Begin at the line containing "using w that by (simp add: witnesses_def)" in the entries below and end at the line containing "restr (restr (w"; transcribe that range exactly and nothing outside it.

** Opening DATA UNDER STUDY block **

lemma Sset_glue:
  assumes S1: "(\<pi>1, j, ss1) \<in> S" and S2: "(\<pi>2, j, ss2) \<in> S"
    and root: "ss1 ! 0 = ss2 ! 0" and bound: "length ss1 + length ss2 - 1 \<le> N j"
  shows "(glue_tree \<pi>1 (length ss1) \<pi>2, j, ss1 @ tl ss2) \<in> S"
proof -
  define n1 where "n1 = length ss1"
  have tm1: "tree_mapping \<pi>1 n1" and tm2: "tree_mapping \<pi>2 (length ss2)"
    using S1 S2 by (auto simp: Sset_def n1_def)
  then have "ss1 \<noteq> []" "ss2 \<noteq> []" by (auto simp: tree_mapping_def n1_def)
  have from_ss2: "(ss1 @ tl ss2) ! k = ss2 ! (k + 1 - n1)" if "k = 0 \<or> n1 \<le> k" for k
    using nth_append_tl[OF root \<open>ss1 \<noteq> []\<close> \<open>ss2 \<noteq> []\<close>] that by (simp add: n1_def)
  have "acceptable N C j ((ss1 @ tl ss2) ! k)" if "k < length (ss1 @ tl ss2)" for k
  proof (cases "k < n1")
    case True
    then show ?thesis using S1 by (simp add: Sset_def nth_append n1_def)
  next
    case False
    then show ?thesis using S2 that from_ss2[of k] by (simp add: Sset_def n1_def)
  qed
  moreover have "in_Tstar (P m) (N j) (cadd ((ss1 @ tl ss2) ! k) ((ss1 @ tl ss2) ! l))"
    if edge: "glue_tree \<pi>1 n1 \<pi>2 (k, l) = Some m" for k l m
  proof (cases "l < n1")
    case True
    then have "\<pi>1 (k, l) = Some m" using edge by (simp add: glue_tree_def)
    moreover have "k < n1" "l < n1" using tree_mapping_edge[OF tm1 calculation] by auto
    ultimately show ?thesis using S1 by (simp add: Sset_def nth_append n1_def)
  next
    case False
    then have "\<pi>2 (k + 1 - n1, l + 1 - n1) = Some m" and "k = 0 \<or> n1 \<le> k"
      using edge by (auto simp: glue_tree_def split: if_splits)
    then show ?thesis
      using S2 from_ss2 False by (simp add: Sset_def)
  qed
  moreover have "length ss1 + (length ss2 - 1) = length ss1 + length ss2 - 1"
    using \<open>ss2 \<noteq> []\<close> by (cases ss2) auto
  ultimately show ?thesis
    using tree_mapping_glue[OF tm1 tm2] bound by (simp add: Sset_def n1_def)
qed

lemma level_restrs_glue:
  assumes "0 < n1" and "0 < n2"
  shows "level_restrs (glue_fun n1 w1 w2) (n1 + n2 - 1) j =
    level_restrs w1 n1 j @ tl (level_restrs w2 n2 j)"
  using assms by (intro nth_equalityI) (auto simp: nth_append nth_tl glue_fun_def Suc_diff_le)

lemma witnesses_relabel:
  assumes S': "(\<pi>', i', ss') \<in> S" and S: "(\<pi>, i, ss) \<in> S" and w: "witnesses w (\<pi>', i', ss')"
    and "i \<le> i'"
    and g: "\<And>k. k < length ss \<Longrightarrow> g k < length ss' \<and> restr (ss' ! g k) {..<N i} = ss ! k"
    and edges: "\<And>k l m. \<pi> (k, l) = Some m \<Longrightarrow> \<pi>' (g k, g l) = Some m"
  shows "witnesses (w \<circ> g) (\<pi>, i, ss)"
proof -
  define n where "n = length ss"
  have ss'_nth: "ss' ! k = restr (w k) {..<N i'}" if "k < length ss'" for k
    using w that by (simp add: witnesses_def)
  have "ss' = level_restrs w (length ss') i'"
    using ss'_nth by (intro nth_equalityI) auto
  then have above: "(\<pi>', J, level_restrs w (length ss') J) \<in> S" if "i' \<le> J" for J
    using that w S' by (cases "J = i'") (auto simp: witnesses_def)
  have tm: "tree_mapping \<pi> n" and "n \<le> N i" using S by (auto simp: Sset_def n_def)
  have base: "w (g k) \<in> H \<and> restr (w (g k)) {..<N i} = ss ! k" if "k < n" for k
  proof
    show "w (g k) \<in> H" using w g[of k] that by (auto simp: witnesses_def n_def)
    have "restr (w (g k)) {..<N i} = restr (restr (w (g k)) {..<N i'}) {..<N i}"
      using \<open>i \<le> i'\<close> by (simp add: restr_restr_N)
    also have "\<dots> = ss ! k" using g[of k] that ss'_nth[of "g k"] by (simp add: n_def)
    finally show "restr (w (g k)) {..<N i} = ss ! k" .
  qed
  have "(\<pi>, j, level_restrs (w \<circ> g) n j) \<in> S" if "i < j" for j
  proof -
    have "(\<pi>, j, map (\<lambda>k. restr (level_restrs w (length ss') (max j i') ! g k) {..<N j}) [0..<n]) \<in> S"
      using Sset_relabel[OF above[of "max j i'"] tm] g edges \<open>n \<le> N i\<close> N_less[OF that]
      by (simp add: n_def)
    moreover have "map (\<lambda>k. restr (level_restrs w (length ss') (max j i') ! g k) {..<N j}) [0..<n] =
        level_restrs (w \<circ> g) n j"
      using g by (intro map_cong refl) (simp add: n_def restr_restr_N)
    ultimately show ?thesis by simp
  qed
  then show ?thesis using base by (simp add: witnesses_def n_def)
qed

lemma Uset_relabel:
  assumes S': "(\<pi>', i', ss') \<in> S" and S: "(\<pi>, i, ss) \<in> S" and "i \<le> i'" and "g 0 = 0"
    and g: "\<And>k. k < length ss \<Longrightarrow> g k < length ss' \<and> restr (ss' ! g k) {..<N i} = ss ! k"
    and edges: "\<And>k l m. \<pi> (k, l) = Some m \<Longrightarrow> \<pi>' (g k, g l) = Some m"
  shows "U (\<pi>', i', ss') \<subseteq> U (\<pi>, i, ss)"
proof
  fix x assume "x \<in> U (\<pi>', i', ss')"
  then obtain w where "w 0 = x" and "witnesses w (\<pi>', i', ss')"
    using Uset_iff[OF S'] by blast
  then have "witnesses (w \<circ> g) (\<pi>, i, ss)" and "(w \<circ> g) 0 = x"
    using witnesses_relabel[OF S' S _ \<open>i \<le> i'\<close> g edges] \<open>g 0 = 0\<close> by auto
  then show "x \<in> U (\<pi>, i, ss)" using Uset_iff[OF S] by blast
qed

lemma Uset_mono:
  assumes "\<sigma> \<in> S" and "\<sigma>' \<in> S" and "extends \<sigma>' \<sigma>"
  shows "U \<sigma>' \<subseteq> U \<sigma>"
proof -
  obtain \<pi> i ss \<pi>' i' ss' where \<sigma>: "\<sigma> = (\<pi>, i, ss)" and \<sigma>': "\<sigma>' = (\<pi>', i', ss')"
    by (cases \<sigma>; cases \<sigma>')
  have "U (\<pi>', i', ss') \<subseteq> U (\<pi>, i, ss)"
  proof (rule Uset_relabel[where g = id])
    show "\<pi>' (id k, id l) = Some m" if "\<pi> (k, l) = Some m" for k l m
      using assms(3) that \<sigma> \<sigma>' by (auto simp: map_le_def dom_def)
  qed (use assms \<sigma> \<sigma>' in auto)
  then show ?thesis using \<sigma> \<sigma>' by simp
qed

lemma glued_condition:
  assumes S1: "(\<pi>1, i1, ss1) \<in> S" and S2: "(\<pi>2, i2, ss2) \<in> S"
    and w1: "witnesses w1 (\<pi>1, i1, ss1)" and w2: "witnesses w2 (\<pi>2, i2, ss2)" and root: "w1 0 = w2 0"
    and "max i1 i2 < i3" and bound: "length ss1 + length ss2 - 1 \<le> N i3"
  defines "z \<equiv> glue_fun (length ss1) w1 w2"
  defines "\<sigma>3 \<equiv> (glue_tree \<pi>1 (length ss1) \<pi>2, i3, level_restrs z (length ss1 + length ss2 - 1) i3)"
  shows "\<sigma>3 \<in> S" and "witnesses z \<sigma>3"
proof -
  define n1 where "n1 = length ss1"
  define n2 where "n2 = length ss2"
  have "0 < n1" "0 < n2" using S1 S2 by (auto simp: Sset_def tree_mapping_def n1_def n2_def)
  have at_level: "(glue_tree \<pi>1 n1 \<pi>2, j, level_restrs z (n1 + n2 - 1) j) \<in> S"
    if "max i1 i2 < j" "n1 + n2 - 1 \<le> N j" for j
  proof -
    have "(\<pi>1, j, level_restrs w1 n1 j) \<in> S" "(\<pi>2, j, level_restrs w2 n2 j) \<in> S"
      using w1 w2 that by (auto simp: witnesses_def n1_def n2_def)
    from Sset_glue[OF this]
    have "(glue_tree \<pi>1 n1 \<pi>2, j, level_restrs w1 n1 j @ tl (level_restrs w2 n2 j)) \<in> S"
      using root that \<open>0 < n1\<close> \<open>0 < n2\<close> by (simp add: n1_def)
    then show ?thesis
      by (simp only: z_def n1_def [symmetric] level_restrs_glue[OF \<open>0 < n1\<close> \<open>0 < n2\<close>])
  qed
  show "\<sigma>3 \<in> S"
    using at_level[OF \<open>max i1 i2 < i3\<close>] bound by (simp add: \<sigma>3_def n1_def n2_def)
  have "z k \<in> H" if "k < n1 + n2 - 1" for k
    using w1 w2 that by (cases "k < n1") (auto simp: witnesses_def z_def glue_fun_def n1_def n2_def)
  moreover have "(glue_tree \<pi>1 n1 \<pi>2, j, level_restrs z (n1 + n2 - 1) j) \<in> S" if "i3 < j" for j
    using \<open>max i1 i2 < i3\<close> bound N_less[OF that] that by (intro at_level) (auto simp: n1_def n2_def)
  ultimately show "witnesses z \<sigma>3"
    by (simp add: witnesses_def \<sigma>3_def n1_def n2_def)
qed

lemma extends_glued:
  assumes S1: "(\<pi>1, i1, ss1) \<in> S" and w1: "witnesses w1 (\<pi>1, i1, ss1)" and "0 < n2" and "i1 < i3"
  shows "extends (glue_tree \<pi>1 (length ss1) \<pi>2, i3,
      level_restrs (glue_fun (length ss1) w1 w2) (length ss1 + n2 - 1) i3) (\<pi>1, i1, ss1)"
proof -
  define ss3 where "ss3 = level_restrs (glue_fun (length ss1) w1 w2) (length ss1 + n2 - 1) i3"
  have "restr (ss3 ! k) {..<N i1} = ss1 ! k" if "k < length ss1" for k
  proof -
    have "k < length ss1 + n2 - 1" using that \<open>0 < n2\<close> by linarith
    then have "ss3 ! k = restr (w1 k) {..<N i3}" using that by (simp add: ss3_def glue_fun_def)
    then show ?thesis using w1 that \<open>i1 < i3\<close> by (simp add: restr_restr_N witnesses_def)
  qed
  moreover have "\<pi>1 \<subseteq>\<^sub>m glue_tree \<pi>1 (length ss1) \<pi>2"
    using S1 map_le_glue_tree by (simp add: Sset_def)
  moreover have "length ss1 \<le> length ss3" using \<open>0 < n2\<close> by (simp add: ss3_def)
  ultimately show ?thesis using \<open>i1 < i3\<close> by (simp add: ss3_def)
qed

lemma Uset_glued_subset:
  assumes S2: "(\<pi>2, i2, ss2) \<in> S" and w2: "witnesses w2 (\<pi>2, i2, ss2)"
    and root: "w1 0 = w2 0" and "0 < n1" and "i2 < i3"
  defines "ss3 \<equiv> level_restrs (glue_fun n1 w1 w2) (n1 + length ss2 - 1) i3"
  assumes S3: "(glue_tree \<pi>1 n1 \<pi>2, i3, ss3) \<in> S"
  shows "U (glue_tree \<pi>1 n1 \<pi>2, i3, ss3) \<subseteq> U (\<pi>2, i2, ss2)"
proof (rule Uset_relabel[OF S3 S2, where g = "glue_index n1"])
  show "glue_index n1 k < length ss3 \<and> restr (ss3 ! glue_index n1 k) {..<N i2} = ss2 ! k"
    if "k < length ss2" for k
  proof
    have "glue_index n1 k < n1 + length ss2 - 1"
      using that \<open>0 < n1\<close> by (auto simp: glue_index_def)
    then show "glue_index n1 k < length ss3" by (simp add: ss3_def)
    have "glue_fun n1 w1 w2 (glue_index n1 k) = w2 k"
      using \<open>0 < n1\<close> root by (simp add: glue_fun_glue_index)
    with \<open>glue_index n1 k < n1 + length ss2 - 1\<close>
    have "ss3 ! glue_index n1 k = restr (w2 k) {..<N i3}" by (simp add: ss3_def)
    then show "restr (ss3 ! glue_index n1 k) {..<N i2} = ss2 ! k"
      using w2 that \<open>i2 < i3\<close> by (simp add: restr_restr_N witnesses_def)
  qed
  show "glue_tree \<pi>1 n1 \<pi>2 (glue_index n1 k, glue_index n1 l) = Some m"
    if "\<pi>2 (k, l) = Some m" for k l m
  proof -
    have "tree_mapping \<pi>2 (length ss2)" using S2 by (simp add: Sset_def)
    from glue_tree_glue_index[OF this \<open>0 < n1\<close> that] show ?thesis .
  qed
qed (use \<open>i2 < i3\<close> in \<open>auto simp: glue_index_def\<close>)

lemma Uset_Int_refine:
  assumes "\<sigma>1 \<in> S" and "\<sigma>2 \<in> S" and "x \<in> U \<sigma>1" and "x \<in> U \<sigma>2"
  shows "\<exists>\<sigma>3 \<in> S. extends \<sigma>3 \<sigma>1 \<and> x \<in> U \<sigma>3 \<and> U \<sigma>3 \<subseteq> U \<sigma>1 \<inter> U \<sigma>2"
proof -
  obtain \<pi>1 i1 ss1 \<pi>2 i2 ss2 where \<sigma>1: "\<sigma>1 = (\<pi>1, i1, ss1)" and \<sigma>2: "\<sigma>2 = (\<pi>2, i2, ss2)"
    by (cases \<sigma>1; cases \<sigma>2)
  have S1: "(\<pi>1, i1, ss1) \<in> S" and S2: "(\<pi>2, i2, ss2) \<in> S" using assms \<sigma>1 \<sigma>2 by auto
  obtain w1 w2 where w1: "witnesses w1 (\<pi>1, i1, ss1)" and w2: "witnesses w2 (\<pi>2, i2, ss2)"
    and "w1 0 = x" "w2 0 = x"
    using assms Uset_iff[OF S1] Uset_iff[OF S2] \<sigma>1 \<sigma>2 by metis
  define i3 where "i3 = max i1 i2 + length ss1 + length ss2"
  define \<sigma>3 where "\<sigma>3 = (glue_tree \<pi>1 (length ss1) \<pi>2, i3,
      level_restrs (glue_fun (length ss1) w1 w2) (length ss1 + length ss2 - 1) i3)"
  have "0 < length ss1" "0 < length ss2" using S1 S2 by (auto simp: Sset_def tree_mapping_def)
  have "max i1 i2 < i3" using \<open>0 < length ss1\<close> unfolding i3_def by linarith
  have "length ss1 + length ss2 - 1 \<le> N i3" using le_N[of i3] unfolding i3_def by linarith
  have root: "w1 0 = w2 0" using \<open>w1 0 = x\<close> \<open>w2 0 = x\<close> by simp
  note glued = glued_condition[OF S1 S2 w1 w2 root \<open>max i1 i2 < i3\<close>
      \<open>length ss1 + length ss2 - 1 \<le> N i3\<close>, folded \<sigma>3_def]
  have "i1 < i3" "i2 < i3" using \<open>max i1 i2 < i3\<close> by simp_all
  have "\<sigma>3 \<in> S" using glued(1) .
  moreover have "x \<in> U \<sigma>3"
  proof -
    have "glue_fun (length ss1) w1 w2 0 = x"
      using \<open>w1 0 = x\<close> \<open>0 < length ss1\<close> by (simp add: glue_fun_def)
    then show ?thesis using glued Uset_iff[of _ i3 _ x] by (auto simp: \<sigma>3_def)
  qed
  moreover have "extends \<sigma>3 \<sigma>1"
    unfolding \<sigma>3_def \<sigma>1 using \<open>i1 < i3\<close> by (rule extends_glued[OF S1 w1 \<open>0 < length ss2\<close>])
  moreover have "U \<sigma>3 \<subseteq> U \<sigma>2"
    using \<open>\<sigma>3 \<in> S\<close> \<open>i2 < i3\<close> unfolding \<sigma>3_def \<sigma>2
    by (intro Uset_glued_subset[of \<pi>2 i2 ss2 w2 w1, OF S2 w2 root \<open>0 < length ss1\<close>])
  ultimately show ?thesis using Uset_mono assms(1) by blast
qed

** Closing DATA UNDER STUDY block **

** COMPLETED TASK **
    using w that by (simp add: witnesses_def)
  have "ss' = level_restrs w (length ss') i'"
    using ss'_nth by (intro nth_equalityI) auto
  then have above: "(\<pi>', J, level_restrs w (length ss') J) \<in> S" if "i' \<le> J" for J
    using that w S' by (cases "J = i'") (auto simp: witnesses_def)
  have tm: "tree_mapping \<pi> n" and "n \<le> N i" using S by (auto simp: Sset_def n_def)
  have base: "w (g k) \<in> H \<and> restr (w (g k)) {..<N i} = ss ! k" if "k < n" for k
  proof
    show "w (g k) \<in> H" using w g[of k] that by (auto simp: witnesses_def n_def)
    have "restr (w (g k)) {..<N i} = restr (restr (w (g k)) {..<N i'}) {..<N i}"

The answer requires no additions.